I found several Japanese SIE patents from Saito Hideyuki along with a single (combined?) US application that appear to be relevant.
The patents were filed across 2015 and 2016.

Caveat: This is an illustrative embodiment in a patent application. i.e. Maybe parts of it will make it into a product, maybe all of it, maybe none of it. Approach it speculatively.
That said, it perhaps gives an idea of what Sony has been researching. And does seem in line with what Cerny talked about in terms of customisations across the stack to optimise performance.

http://www.freepatentsonline.com/y2017/0097897.html

There's quite a lot going on, but to try and break it down:
It talks about the limitations of simply using a SSD 'as is' in a games system, and a set of hardware and software stack changes to improve performance.
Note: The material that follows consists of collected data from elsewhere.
lemma residue_class_below_multiple:
  fixes n a N :: nat
  assumes "0 < n" "a < n" "n dvd N"
  shows "{x\<in>{..<N}. x mod n = a} = (\<lambda>t. a + n * t) ` {..<N div n}"
proof (intro equalityI subsetI)
  fix x assume "x \<in> {x\<in>{..<N}. x mod n = a}"
  then have "x mod n = a" and "x < N" by auto
  then have "x = a + n * (x div n)" using mod_mult_div_eq[of x n] by simp
  moreover have "x div n < N div n"
    using \<open>x < N\<close> assms(1,3) by (auto intro: less_mult_imp_div_less elim!: dvdE simp: mult.commute)
  ultimately show "x \<in> (\<lambda>t. a + n * t) ` {..<N div n}" by blast
next
  fix x assume "x \<in> (\<lambda>t. a + n * t) ` {..<N div n}"
  then obtain t where t: "t < N div n" "x = a + n * t" by auto
  have "a + n * t < n * Suc t" using assms by simp
  also have "\<dots> \<le> N" using t assms by (metis dvd_mult_div_cancel mult_le_mono2 Suc_leI)
  finally show "x \<in> {x\<in>{..<N}. x mod n = a}" using t assms by simp
qed

lemma sum_powers_residue_class:
  fixes w :: "'a::field"
  assumes "0 < n" "a < n" "n dvd N" "w ^ n \<noteq> 1"
  shows "(\<Sum>x<N. if x mod n = a then w ^ x else 0) = w ^ a * (1 - w ^ N) / (1 - w ^ n)"
proof -
  have "(\<Sum>x<N. if x mod n = a then w ^ x else 0) = (\<Sum>x\<in>{x\<in>{..<N}. x mod n = a}. w ^ x)"
    by (rule sum.inter_filter[symmetric]) simp
  also have "\<dots> = (\<Sum>t<N div n. w ^ (a + n * t))"
    unfolding residue_class_below_multiple[OF assms(1-3)]
    using assms(1) by (subst sum.reindex) (auto simp: inj_on_def)
  also have "\<dots> = w ^ a * (\<Sum>t<N div n. (w ^ n) ^ t)"
    by (simp add: power_add power_mult sum_distrib_left)
  also have "\<dots> = w ^ a * (1 - (w ^ n) ^ (N div n)) / (1 - w ^ n)"
    using assms(4) by (simp add: sum_gp_strict)
  also have "(w ^ n) ^ (N div n) = w ^ N"
    using assms(3) by (simp flip: power_mult)
  finally show ?thesis .
qed

lemma generating_function_of_count:
  fixes w :: "'a::field" and a n :: "'b \<Rightarrow> nat"
  assumes "finite K" and K: "\<forall>s\<in>K. 0 < n s \<and> a s < n s \<and> n s dvd N \<and> w ^ n s \<noteq> 1"
    and "w \<noteq> 1"
  shows "(\<Sum>x<N. (of_nat (card {s\<in>K. x mod n s = a s}) - of_nat m) * w ^ x)
     = (1 - w ^ N) * ((\<Sum>s\<in>K. w ^ a s / (1 - w ^ n s)) - of_nat m / (1 - w))"
proof -
  have "(\<Sum>x<N. of_nat (card {s\<in>K. x mod n s = a s}) * w ^ x)
      = (\<Sum>x<N. \<Sum>s\<in>K. if x mod n s = a s then w ^ x else 0)"
    using \<open>finite K\<close> by (simp add: sum.If_cases Int_def)
  also have "\<dots> = (\<Sum>s\<in>K. \<Sum>x<N. if x mod n s = a s then w ^ x else 0)"
    by (rule sum.swap)
  also have "\<dots> = (\<Sum>s\<in>K. w ^ a s * (1 - w ^ N) / (1 - w ^ n s))"
    using K by (intro sum.cong refl sum_powers_residue_class) auto
  finally have count: "(\<Sum>x<N. of_nat (card {s\<in>K. x mod n s = a s}) * w ^ x)
      = (1 - w ^ N) * (\<Sum>s\<in>K. w ^ a s / (1 - w ^ n s))"
    by (simp add: sum_distrib_left mult.commute)
  have const: "(\<Sum>x<N. of_nat m * w ^ x) = (1 - w ^ N) * (of_nat m / (1 - w))"
    using \<open>w \<noteq> 1\<close> by (simp add: sum_distrib_left[symmetric] sum_gp_strict)
  have "(\<Sum>x<N. (of_nat (card {s\<in>K. x mod n s = a s}) - of_nat m) * w ^ x)
      = (\<Sum>x<N. of_nat (card {s\<in>K. x mod n s = a s}) * w ^ x) - (\<Sum>x<N. of_nat m * w ^ x)"
    by (simp add: left_diff_distrib sum_subtractf)
  then show ?thesis
    by (simp add: count const right_diff_distrib)
qed

lemma finite_roots_of_unity_Union:
  "finite K \<Longrightarrow> \<forall>s\<in>K. 0 < n s \<Longrightarrow> finite {w::complex. \<exists>s\<in>K. w ^ n s = 1}"
  by (simp add: Collect_bex_eq finite_nth_roots)

lemma count_eq_const_iff_sum_at_prime_root:
  fixes a n :: "'b \<Rightarrow> nat" and z :: complex
  assumes "finite K" "K \<noteq> {}" and K: "\<forall>s\<in>K. 0 < n s \<and> a s < n s \<and> n s dvd N" and "0 < N"
    and p: "prime p" "\<not> p dvd N" and z: "z ^ p = 1" "z \<noteq> 1"
    and card_T: "card {w::complex. \<exists>s\<in>K. w ^ n s = 1} < p"
  shows "(\<forall>x<N. card {s\<in>K. x mod n s = a s} = m)
    \<longleftrightarrow> (\<Sum>s\<in>K. z ^ a s / (1 - z ^ n s)) = of_nat m / (1 - z)"
proof -
  define T where "T = {w::complex. \<exists>s\<in>K. w ^ n s = 1}"
  define c where "c x = int (card {s\<in>K. x mod n s = a s}) - int m" for x
  define E where "E w = (\<Sum>x<N. of_int (c x) * w ^ x)" for w :: complex
  define F where "F w = (\<Sum>s\<in>K. w ^ a s / (1 - w ^ n s)) - of_nat m / (1 - w)" for w :: complex
  have E_F: "E w = (1 - w ^ N) * F w" if "w \<notin> T" for w
  proof -
    have "w \<noteq> 1" using that \<open>K \<noteq> {}\<close> by (auto simp: T_def)
    then show ?thesis
      using generating_function_of_count[OF \<open>finite K\<close>, of n a N w m] K that
      by (simp add: E_def F_def c_def T_def)
  qed
  have "coprime p N" using p by (simp add: prime_imp_coprime)
  then have "z ^ N \<noteq> 1"
    using power_eq_1_if_coprime_exponents z prime_gt_0_nat[OF p(1)] by blast
  moreover have "z \<notin> T"
    using K \<open>z ^ N \<noteq> 1\<close> by (auto simp: T_def elim!: dvdE simp: power_mult)
  ultimately have F_z: "F z = 0 \<longleftrightarrow> E z = 0" using E_F by simp
  have "(\<forall>x<N. c x = 0) \<longleftrightarrow> E z = 0"
  proof
    assume "E z = 0"
    moreover have "E w = 0" if "w ^ N = 1" "w \<notin> T" for w
      using E_F that by simp
    moreover have "finite T"
      unfolding T_def using \<open>finite K\<close> K by (intro finite_roots_of_unity_Union) auto
    ultimately show "\<forall>x<N. c x = 0"
      using int_coeffs_eq_0_if_vanishing_at_roots_of_unity[OF p z, of c T] card_T
      unfolding E_def T_def by blast
  qed (simp add: E_def)
  then show ?thesis
    using F_z by (simp add: F_def c_def)
qed

lemma prime_not_dvd_prod_if_card_roots_of_unity_less:
  fixes n :: "'b \<Rightarrow> nat"
  assumes "finite K" and n: "\<forall>s\<in>K. 0 < n s" and p: "prime p"
    and card_T: "card {w::complex. \<exists>s\<in>K. w ^ n s = 1} < p"
  shows "\<not> p dvd (\<Prod>s\<in>K. n s)"
proof
  assume "p dvd (\<Prod>s\<in>K. n s)"
  then obtain s where s: "s \<in> K" "p dvd n s"
    using p \<open>finite K\<close> by (auto simp: prime_dvd_prod_iff)
  have "n s = card {w::complex. w ^ n s = 1}"
    using n s(1) by (simp add: card_roots_unity_eq)
  also have "\<dots> \<le> card {w::complex. \<exists>s\<in>K. w ^ n s = 1}"
    using s(1) \<open>finite K\<close> n by (intro card_mono finite_roots_of_unity_Union) auto
  finally have "n s < p" using card_T by linarith
  then show False using s n by (auto dest: dvd_imp_le)
qed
Basically, 'as is', an OS uses a virtual file system, designed to virtualise a host of different I/O devices with different characteristics. Various tasks of this file system typically run on the CPU - e.g. traversing file metadata, data tamper checks, data decryption, data decompression. This processing, and interruptions on the CPU, can become a bottleneck to data transfer rates from an SSD, particularly in certain contexts e.g. opening a large number of small files.
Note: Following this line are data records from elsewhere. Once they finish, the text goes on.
lemma dilation_degree_le_cut:
  assumes val: "is_valuation \<phi>"
    and IH: "\<And>Q. polytope Q \<Longrightarrow> aff_dim Q \<le> int n \<Longrightarrow> dilation_degree_le \<phi> n Q"
    and P: "polytope P" "aff_dim P \<le> int (Suc n)"
    and le: "dilation_degree_le \<phi> (Suc n) (P \<inter> {x. w \<bullet> x \<le> e})"
    and ge: "dilation_degree_le \<phi> (Suc n) (P \<inter> {x. w \<bullet> x \<ge> e})"
  shows "dilation_degree_le \<phi> (Suc n) P"
proof -
  define P1 where "P1 = P \<inter> {x. w \<bullet> x \<le> e}"
  define P2 where "P2 = P \<inter> {x. w \<bullet> x \<ge> e}"
  consider "P \<subseteq> {x. w \<bullet> x \<le> e}" | "P \<subseteq> {x. w \<bullet> x \<ge> e}"
    | p1 p2 where "p1 \<in> P" "w \<bullet> p1 > e" "p2 \<in> P" "w \<bullet> p2 < e"
    by (force simp: subset_eq not_le)
  then show ?thesis
  proof cases
    case 3
    have "P1 \<noteq> {}" "P2 \<noteq> {}" and P_Un: "P = P1 \<union> P2" and P_Int: "P1 \<inter> P2 = P \<inter> {x. w \<bullet> x = e}"
      using 3 by (auto simp: P1_def P2_def)
    moreover have "polytope P1" "polytope P2"
      unfolding P1_def P2_def
      by (intro polytope_Int_polyhedron P(1) polyhedron_halfspace_le polyhedron_halfspace_ge)+
    ultimately have "P1 \<in> convex_bodies" "P2 \<in> convex_bodies" "P1 \<union> P2 \<in> convex_bodies"
      using P(1) by (auto intro: polytope_in_convex_bodies)
    moreover have "aff_dim (P1 \<inter> P2) \<le> int n"
      unfolding P_Int using aff_dim_Int_hyperplane_less[of p1 P w e] 3 P(2) by simp
    then have "dilation_degree_le \<phi> n (P1 \<inter> P2)"
      unfolding P_Int by (intro IH polytope_Int_polyhedron P(1) polyhedron_hyperplane)
    then have "dilation_degree_le \<phi> (Suc n) (P1 \<inter> P2)"
      by (rule dilation_degree_le_mono) simp
    ultimately have "dilation_degree_le \<phi> (Suc n) (P1 \<union> P2)"
      using dilation_degree_le_Un[OF val _ _ _ le[folded P1_def] ge[folded P2_def]] by blast
    then show ?thesis
      using P_Un by simp
  qed (use le ge in \<open>simp_all add: Int_absorb2\<close>)
qed

lemma dilation_degree_le_cone_cuts:
  assumes val: "is_valuation \<phi>"
    and IH: "\<And>Q. polytope Q \<Longrightarrow> aff_dim Q \<le> int n \<Longrightarrow> dilation_degree_le \<phi> n Q"
    and "finite W" "polytope P" "aff_dim P \<le> int (Suc n)"
    and cells: "\<And>C. polyhedron C \<Longrightarrow> (\<And>x t. x \<in> C \<Longrightarrow> t \<ge> 0 \<Longrightarrow> t *\<^sub>R x \<in> C) \<Longrightarrow>
      (\<forall>w\<in>W. C \<subseteq> {x. w \<bullet> x \<le> 0} \<or> C \<subseteq> {x. w \<bullet> x \<ge> 0}) \<Longrightarrow> dilation_degree_le \<phi> (Suc n) (P \<inter> C)"
  shows "dilation_degree_le \<phi> (Suc n) P"
  using \<open>finite W\<close> assms(4,5) cells
proof (induction W arbitrary: P)
  case empty
  then show ?case
    by (metis Int_UNIV_right empty_iff polyhedron_UNIV UNIV_I)
next
  case (insert w W)
  have "dilation_degree_le \<phi> (Suc n) (P \<inter> H)"
    if H: "H = {x. w \<bullet> x \<le> 0} \<or> H = {x. w \<bullet> x \<ge> 0}" for H
  proof (rule insert.IH)
    have "polyhedron H"
      using H polyhedron_halfspace_le polyhedron_halfspace_ge by blast
    then show "polytope (P \<inter> H)"
      using insert.prems(1) polytope_Int_polyhedron by blast
    show "aff_dim (P \<inter> H) \<le> int (Suc n)"
      using insert.prems(2) aff_dim_subset[of "P \<inter> H" P] by auto
    fix C assume C: "polyhedron C" "\<And>x t. x \<in> C \<Longrightarrow> t \<ge> 0 \<Longrightarrow> t *\<^sub>R x \<in> C"
      "\<forall>w\<in>W. C \<subseteq> {x. w \<bullet> x \<le> 0} \<or> C \<subseteq> {x. w \<bullet> x \<ge> 0}"
    have "polyhedron (H \<inter> C)"
      using \<open>polyhedron H\<close> C(1) by blast
    moreover have "t *\<^sub>R x \<in> H \<inter> C" if "x \<in> H \<inter> C" "t \<ge> 0" for x t
      using that H C(2) by (auto simp: mult_nonneg_nonpos mult_nonneg_nonneg)
    moreover have "\<forall>v\<in>insert w W. H \<inter> C \<subseteq> {x. v \<bullet> x \<le> 0} \<or> H \<inter> C \<subseteq> {x. v \<bullet> x \<ge> 0}"
      using H C(3) by blast
    ultimately have "dilation_degree_le \<phi> (Suc n) (P \<inter> (H \<inter> C))"
      by (rule insert.prems(3))
    then show "dilation_degree_le \<phi> (Suc n) (P \<inter> H \<inter> C)"
      by (simp add: Int_assoc)
  qed
  then show ?case
    using dilation_degree_le_cut[OF val IH insert.prems(1,2)] by blast
qed

section \<open>Pyramids\<close>

text \<open>For \<open>B\<close> in a hyperplane \<open>k \<bullet> z = 1\<close> this is the pyramid with apex 0 and base \<open>h B\<close>.\<close>

definition pyramid :: "real \<Rightarrow> 'v::real_vector set \<Rightarrow> 'v set" where
  "pyramid h B = {m *\<^sub>R z |m z. 0 \<le> m \<and> m \<le> h \<and> z \<in> B}"

lemma in_pyramidI: "0 \<le> m \<Longrightarrow> m \<le> h \<Longrightarrow> z \<in> B \<Longrightarrow> m *\<^sub>R z \<in> pyramid h B"
  by (auto simp: pyramid_def)

lemma pyramidE:
  assumes "x \<in> pyramid h B"
  obtains m z where "0 \<le> m" "m \<le> h" "z \<in> B" "x = m *\<^sub>R z"
  using assms by (auto simp: pyramid_def)

lemma pyramid_mono: "h \<le> h' \<Longrightarrow> pyramid h B \<subseteq> pyramid h' B"
  by (force simp: pyramid_def)

lemma zero_in_pyramid: "0 \<le> h \<Longrightarrow> B \<noteq> {} \<Longrightarrow> 0 \<in> pyramid h B"
  by (force simp: pyramid_def)

lemma scaling_pyramid:
  assumes "0 \<le> t" "0 \<le> h"
  shows "(\<lambda>x. t *\<^sub>R x) ` pyramid h B = pyramid (t * h) B"
proof
  show "(\<lambda>x. t *\<^sub>R x) ` pyramid h B \<subseteq> pyramid (t * h) B"
    using assms by (force simp: pyramid_def mult_left_mono)
  show "pyramid (t * h) B \<subseteq> (\<lambda>x. t *\<^sub>R x) ` pyramid h B"
  proof
    fix x assume "x \<in> pyramid (t * h) B"
    then obtain m z where m: "0 \<le> m" "m \<le> t * h" and "z \<in> B" and x: "x = m *\<^sub>R z"
      by (auto simp: pyramid_def)
    show "x \<in> (\<lambda>x. t *\<^sub>R x) ` pyramid h B"
    proof (cases "t = 0")
      case True
      then have "x = t *\<^sub>R (0 *\<^sub>R z)"
        using m x by simp
      then show ?thesis
        using \<open>z \<in> B\<close> assms by (force simp: pyramid_def)
    next
      case False
      then have "x = t *\<^sub>R ((m / t) *\<^sub>R z)" "0 \<le> m / t" "m / t \<le> h"
        using assms m x by (simp_all add: pos_divide_le_eq mult.commute)
      then show ?thesis
        using \<open>z \<in> B\<close> by (force simp: pyramid_def)
    qed
  qed
qed

lemma pyramid_one_eq_convex_hull:
  assumes "convex B" "B \<noteq> {}"
  shows "pyramid 1 B = convex hull (insert 0 B)"
proof -
  have hull: "convex hull (insert 0 B)
      = {x. \<exists>u\<ge>0. \<exists>v\<ge>0. \<exists>b. u + v = 1 \<and> b \<in> B \<and> x = u *\<^sub>R 0 + v *\<^sub>R b}"
    using convex_hull_insert[OF assms(2), of 0] convex_hull_eq[THEN iffD2, OF assms(1)] by simp
  show ?thesis
  proof (intro equalityI subsetI)
    fix x assume "x \<in> pyramid 1 B"
    then obtain m z where "0 \<le> m" "m \<le> 1" "z \<in> B" "x = m *\<^sub>R z"
      by (rule pyramidE)
    then have "1 - m \<ge> 0 \<and> m \<ge> 0 \<and> (1 - m) + m = 1 \<and> z \<in> B \<and> x = (1 - m) *\<^sub>R 0 + m *\<^sub>R z"
      by simp
    then show "x \<in> convex hull (insert 0 B)"
      unfolding hull by blast
  next
    fix x assume "x \<in> convex hull (insert 0 B)"
    then obtain u v b where "u \<ge> 0" "v \<ge> 0" "u + v = 1" "b \<in> B" "x = v *\<^sub>R b"
      unfolding hull by auto
    then show "x \<in> pyramid 1 B"
      by (simp add: in_pyramidI)
  qed
qed

lemma pyramid_in_convex_bodies:
  assumes "B \<in> convex_bodies" "0 \<le> h"
  shows "pyramid h B \<in> convex_bodies"
proof -
  have "pyramid 1 B \<in> convex_bodies"
    using assms(1) pyramid_one_eq_convex_hull[of B]
    by (simp add: convex_bodies_def compact_convex_hull convex_convex_hull)
  moreover have "pyramid h B = (\<lambda>x. h *\<^sub>R x) ` pyramid 1 B"
    using scaling_pyramid[of h 1 B] assms(2) by (metis mult.right_neutral zero_le_one)
  ultimately show ?thesis
    by (simp add: convex_bodies_scaling)
qed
At a lower level, SSDs typically employ a data block size aimed at generic use. They distribute blocks of data around the NAND memory to distribute wear. In order to find a file, the memory controller in the SSD has to translate a request to the physical addresses of the data blocks using a look-up table. In a regular SSD, the typical data block size might require a look-up table 1GB in size for a 1TB SSD. A SSD might typically use DRAM to cache that lookup table - so the memory controller consults DRAM before being able to retrieve the data. The patent describes this as another potential bottleneck.

Here are the hardware changes the patent proposes vs a 'typical' SSD system:

-
SRAM instead of DRAM inside the SSD for lower latency and higher throughput access between the flash memory controller and the address lookup data. The patent proposes using a coarser granularity of data access for data that is written once, and not re-written - e.g. game install data. This larger block size can allow for address lookup tables as small as 32KB, instead of 1GB. Data read by the memory controller can also be buffered in SRAM for ECC checks instead of DRAM (because of changes made further up the stack, described later). The patent also notes that by ditching DRAM, reduced complexity and cost may be possible, and cost will scale better with larger SSDs that would otherwise need e.g. 2GB of DRAM for 2TB of storage, and so on.
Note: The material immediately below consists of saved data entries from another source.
lemma phi_res_sdelta_one: "phi_res \<phi> (sdelta 1 z) = sdelta m (phi_bar \<phi> z)"
proof -
  obtain g where g: "\<phi> (\<lambda>w. 0, z) = (g, phi_bar \<phi> z)"
    by (metis phi_bar_def prod.collapse)
  have g_Sig: "g \<in> Sig p"
    using hom_in_carrier[OF iso_imp_homomorphism[OF iso] translation_in_carrier[OF p_pos], of z] g
    by (simp add: WR_carrier)
  have delta_Sig: "sdelta 1 z \<in> Sig p" "sdelta 1 zzero \<in> Sig p" "sdelta m (phi_bar \<phi> z) \<in> Sig p"
    using p_gt_1 m_range by (simp_all add: Sig_sdelta)
  have "(\<lambda>w. 0, z) \<otimes>\<^bsub>WR p\<^esub> (sdelta 1 zzero, zzero) = (sdelta 1 z, zzero) \<otimes>\<^bsub>WR p\<^esub> (\<lambda>w. 0, z)"
    using p_gt_1 by (simp add: WR_mult sadd_def shift_def sdelta_def zzero_def zadd_def fun_eq_iff)
  then have "\<phi> ((\<lambda>w. 0, z) \<otimes>\<^bsub>WR p\<^esub> (sdelta 1 zzero, zzero))
      = \<phi> ((sdelta 1 z, zzero) \<otimes>\<^bsub>WR p\<^esub> (\<lambda>w. 0, z))"
    by (rule arg_cong)
  then have "\<phi> (\<lambda>w. 0, z) \<otimes>\<^bsub>WR p\<^esub> \<phi> (sdelta 1 zzero, zzero)
      = \<phi> (sdelta 1 z, zzero) \<otimes>\<^bsub>WR p\<^esub> \<phi> (\<lambda>w. 0, z)"
    unfolding group_hom.hom_mult[OF group_hom_phi translation_in_carrier[OF p_pos]
        Sig_pair_in_carrier[OF delta_Sig(2)]]
      group_hom.hom_mult[OF group_hom_phi Sig_pair_in_carrier[OF delta_Sig(1)]
        translation_in_carrier[OF p_pos]] .
  then have "sadd p g (shift (phi_bar \<phi> z) (sdelta m zzero)) = sadd p (phi_res \<phi> (sdelta 1 z)) g"
    by (simp add: g phi_Sig[OF delta_Sig(1)] phi_Sig[OF delta_Sig(2)] phi_res_sdelta_zero WR_mult)
  moreover have "shift (phi_bar \<phi> z) (sdelta m zzero) = sdelta m (phi_bar \<phi> z)"
    by (simp add: shift_def sdelta_def zzero_def fun_eq_iff)
  ultimately have "sadd p (sdelta m (phi_bar \<phi> z)) g = sadd p (phi_res \<phi> (sdelta 1 z)) g"
    by (simp add: sadd_commute)
  then show ?thesis
    using p_gt_1 sadd_right_cancel[OF _ g_Sig delta_Sig(3) phi_res_Sig[OF delta_Sig(1)]] by simp
qed

lemma phi_res_sdelta:
  assumes "c \<in> {0..<p}"
  shows "phi_res \<phi> (sdelta c z) = sdelta ((c * m) mod p) (phi_bar \<phi> z)"
proof -
  have delta_Sig: "sdelta 1 z \<in> Sig p"
    using p_gt_1 by (simp add: Sig_sdelta)
  have pow: "(sdelta 1 z, zzero) [^]\<^bsub>WR p\<^esub> nat c = (sdelta c z, zzero)"
    using assms by (simp add: WR_pow_Sig sdelta_def fun_eq_iff del: pow_nat)
  have "\<phi> (sdelta c z, zzero) = (sdelta m (phi_bar \<phi> z), zzero) [^]\<^bsub>WR p\<^esub> nat c"
    unfolding pow[symmetric] using delta_Sig
    by (simp add: group_hom.hom_nat_pow[OF group_hom_phi] Sig_pair_in_carrier phi_Sig
        phi_res_sdelta_one del: pow_nat)
  also have "\<dots> = (sdelta ((c * m) mod p) (phi_bar \<phi> z), zzero)"
    using assms by (simp add: WR_pow_Sig sdelta_def fun_eq_iff del: pow_nat)
  finally show ?thesis
    by (simp add: phi_res_def)
qed

lemma phi_res_eq_scaled_pushforward:
  assumes "h \<in> Sig p"
  shows "phi_res \<phi> h = scaled_pushforward p m (phi_bar \<phi>) h"
proof -
  have on_support: "phi_res \<phi> h = scaled_pushforward p m (phi_bar \<phi>) h"
    if "finite F" "h \<in> Sig p" "{z. h z \<noteq> 0} \<subseteq> F" for F h
    using that
  proof (induction F arbitrary: h rule: finite_induct)
    case empty
    then have "h = (\<lambda>z. 0)" by auto
    then show ?case
      using group_hom.hom_one[OF group_hom_phi]
      by (simp add: phi_res_def WR_one scaled_pushforward_def fun_eq_iff)
  next
    case (insert a F)
    define h' where "h' = h(a := 0)"
    have h'_Sig: "h' \<in> Sig p"
      using insert.prems(1) p_gt_1 unfolding h'_def Sig_def by (auto elim!: rev_finite_subset)
    have h_a: "h a \<in> {0..<p}"
      using insert.prems(1) by (simp add: Sig_def)
    then have delta_Sig: "sdelta (h a) a \<in> Sig p"
      by (rule Sig_sdelta)
    have h_split: "h = sadd p h' (sdelta (h a) a)"
    proof
      fix w
      show "h w = sadd p h' (sdelta (h a) a) w"
        using insert.prems(1) by (cases "w = a") (auto simp: Sig_def sadd_def h'_def sdelta_def)
    qed
    have "{z. h' z \<noteq> 0} \<subseteq> F"
      using insert.prems(2) by (auto simp: h'_def)
    then have "phi_res \<phi> h' = scaled_pushforward p m (phi_bar \<phi>) h'"
      by (rule insert.IH[OF h'_Sig])
    then have "phi_res \<phi> (sadd p h' (sdelta (h a) a))
        = scaled_pushforward p m (phi_bar \<phi>) (sadd p h' (sdelta (h a) a))"
      using h_a h'_Sig delta_Sig
      by (simp add: phi_res_sadd scaled_pushforward_sadd scaled_pushforward_sdelta inj_phi_bar
          phi_res_sdelta)
    with h_split show ?case
      by metis
  qed
  show ?thesis
    using assms by (intro on_support[of "{z. h z \<noteq> 0}"]) (auto simp: Sig_def)
qed

end

end

theorem lemma3p2:
  fixes p m :: int
    and \<phi> :: "('k::finite) sig \<times> 'k zk \<Rightarrow> 'k sig \<times> 'k zk"
    and x :: "'k zk"
  assumes "prime p"
    and "\<phi> \<in> iso (WR p) (WR p)"
    and "m \<in> {1..<p}"
    and "phi_res \<phi> (sdelta 1 zzero) = sdelta m zzero"
    and "infinite (zorbit (phi_bar \<phi>) x)"
  shows "(\<lambda>h. ssub p h (phi_res \<phi> h)) ` Bsub p (zorbit (phi_bar \<phi>) x)
           \<noteq> Bsub p (zorbit (phi_bar \<phi>) x)"
proof -
  let ?B = "Bsub p (zorbit (phi_bar \<phi>) x)"
  have p_gt_1: "1 < p"
    using assms(1) prime_gt_1_int by blast
  have "sdelta 1 x \<in> ?B"
    using p_gt_1 self_in_zorbit[of x] Sig_sdelta[of 1 p x] by (auto simp: Bsub_def sdelta_def)
  moreover have "ssub p h (phi_res \<phi> h) \<noteq> sdelta 1 x" if "h \<in> ?B" for h
  proof -
    have "phi_res \<phi> h = scaled_pushforward p m (phi_bar \<phi>) h"
      using that phi_res_eq_scaled_pushforward[OF p_gt_1 assms(2-4)] by (simp add: Bsub_def)
    then show ?thesis
      using ssub_scaled_pushforward_ne_sdelta[OF assms(1,3) inj_phi_bar[OF p_gt_1 assms(2)] assms(5) that]
      by simp
  qed
  ultimately show ?thesis
    by (metis (no_types, lifting) imageE)
qed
- The SSD's read unit is 'expanded and unified' for efficient read operations.

- A secondary CPU, a DMAC, and a hardware accelerator for decoding, tamper checking and decompression.

- The main CPU, the secondary CPU, the system memory controller and the IO bus are connected by a coherent bus. The patent notes that the secondary CPU can be different in instruction set etc. from the main CPU, as long as they use the same page size and are connected by a coherent bus.

- The hardware accelerator and the IO controller are connected to the IO bus.

An illustrative diagram of the system:
uS6bo2P.png


At a software level, the system adds a new file system, the 'File Archive API', designed primarily for write-once data like game installs. Unlike a more generic virtual file system, it's optimised for NAND data access. It sits at the interface between the application and the NAND drivers, and the hardware accelerator drivers.

The secondary CPU handles a priority on access to the SSD. When read requests are made through the File Archive API, all other read and write requests can be prohibited to maximise read throughput.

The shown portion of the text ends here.